(* Let $M$ be an object of an abelian category $\mathcal{A}$. Then: (1) $M$ is strongly self-Rickart if and only if $M$ is self-Rickart and weak duo. (2) $M$ is dual strongly self-Rickart if and only if $M$ is dual self-Rickart and weak duo.
   Context: A morphism $f:X\to Y$ is a section if $f'f=1_X$ for some $f'$, a retraction if $ff'=1_Y$ for some $f'$. A monomorphism $k:K\to M$ is fully invariant if for every $h:M\to M$ there is $\alpha:K\to K$ with $hk=k\alpha$; an epimorphism $c:M\to C$ is fully coinvariant if for every $h:M\to M$ there is $\gamma:C\to C$ with $ch=\gamma c$. $M$ is self-Rickart if the kernel of every endomorphism $f:M\to M$ is a section; dual self-Rickart if the cokernel of every endomorphism of $M$ is a retraction; strongly self-Rickart if the kernel of every endomorphism of $M$ is a fully invariant section; dual strongly self-Rickart if the cokernel of every endomorphism of $M$ is a fully coinvariant retraction (equivalently its image is a fully invariant section). $M$ is weak duo if every section $K\to M$ is fully invariant (equivalently every retraction $M\to C$ is fully coinvariant). *)

theory Defs
  imports Main
begin

text \<open>A small, self-contained rendering of abelian categories.
  Arrows have type 'a, objects type 'o.  cmp C g f is the composite g after f.\<close>

record ('o, 'a) acat =
  Ob  :: "'o set"
  Ar  :: "'a set"
  src :: "'a \<Rightarrow> 'o"
  tgt :: "'a \<Rightarrow> 'o"
  cmp :: "'a \<Rightarrow> 'a \<Rightarrow> 'a"
  idt :: "'o \<Rightarrow> 'a"
  add :: "'a \<Rightarrow> 'a \<Rightarrow> 'a"
  neg :: "'a \<Rightarrow> 'a"
  zer :: "'o \<Rightarrow> 'o \<Rightarrow> 'a"

definition hom :: "('o, 'a, 'e) acat_scheme \<Rightarrow> 'o \<Rightarrow> 'o \<Rightarrow> 'a set" where
  "hom C X Y = {f \<in> Ar C. src C f = X \<and> tgt C f = Y}"

definition category :: "('o, 'a, 'e) acat_scheme \<Rightarrow> bool" where
  "category C \<longleftrightarrow>
     (\<forall>f \<in> Ar C. src C f \<in> Ob C \<and> tgt C f \<in> Ob C) \<and>
     (\<forall>X \<in> Ob C. idt C X \<in> hom C X X) \<and>
     (\<forall>X \<in> Ob C. \<forall>Y \<in> Ob C. \<forall>Z \<in> Ob C. \<forall>f \<in> hom C X Y. \<forall>g \<in> hom C Y Z.
        cmp C g f \<in> hom C X Z) \<and>
     (\<forall>W \<in> Ob C. \<forall>X \<in> Ob C. \<forall>Y \<in> Ob C. \<forall>Z \<in> Ob C.
        \<forall>f \<in> hom C W X. \<forall>g \<in> hom C X Y. \<forall>h \<in> hom C Y Z.
        cmp C h (cmp C g f) = cmp C (cmp C h g) f) \<and>
     (\<forall>X \<in> Ob C. \<forall>Y \<in> Ob C. \<forall>f \<in> hom C X Y.
        cmp C f (idt C X) = f \<and> cmp C (idt C Y) f = f)"

definition preadditive :: "('o, 'a, 'e) acat_scheme \<Rightarrow> bool" where
  "preadditive C \<longleftrightarrow>
     (\<forall>X \<in> Ob C. \<forall>Y \<in> Ob C.
        zer C X Y \<in> hom C X Y \<and>
        (\<forall>f \<in> hom C X Y. \<forall>g \<in> hom C X Y. add C f g \<in> hom C X Y) \<and>
        (\<forall>f \<in> hom C X Y. neg C f \<in> hom C X Y) \<and>
        (\<forall>f \<in> hom C X Y. \<forall>g \<in> hom C X Y. \<forall>h \<in> hom C X Y.
           add C (add C f g) h = add C f (add C g h)) \<and>
        (\<forall>f \<in> hom C X Y. \<forall>g \<in> hom C X Y. add C f g = add C g f) \<and>
        (\<forall>f \<in> hom C X Y. add C f (zer C X Y) = f) \<and>
        (\<forall>f \<in> hom C X Y. add C f (neg C f) = zer C X Y)) \<and>
     (\<forall>X \<in> Ob C. \<forall>Y \<in> Ob C. \<forall>Z \<in> Ob C.
        (\<forall>f \<in> hom C X Y. \<forall>g \<in> hom C Y Z. \<forall>h \<in> hom C Y Z.
           cmp C (add C g h) f = add C (cmp C g f) (cmp C h f)) \<and>
        (\<forall>f \<in> hom C X Y. \<forall>g \<in> hom C X Y. \<forall>h \<in> hom C Y Z.
           cmp C h (add C f g) = add C (cmp C h f) (cmp C h g)))"

definition has_zero_object :: "('o, 'a, 'e) acat_scheme \<Rightarrow> bool" where
  "has_zero_object C \<longleftrightarrow>
     (\<exists>Z \<in> Ob C. \<forall>X \<in> Ob C. (\<exists>!f. f \<in> hom C Z X) \<and> (\<exists>!f. f \<in> hom C X Z))"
------------
- **THE TASK**
For the lines above, output exactly those from the line containing "g \<in> hom C X Y) \<and>" through the line containing "Y. \<forall>h \<in> hom C X Y.", and skip the others.

- **ANSWER BOX**
        (\<forall>f \<in> hom C X Y. \<forall>g \<in> hom C X Y. add C f g \<in> hom C X Y) \<and>
        (\<forall>f \<in> hom C X Y. neg C f \<in> hom C X Y) \<and>
        (\<forall>f \<in> hom C X Y. \<forall>g \<in> hom C X Y. \<forall>h \<in> hom C X Y.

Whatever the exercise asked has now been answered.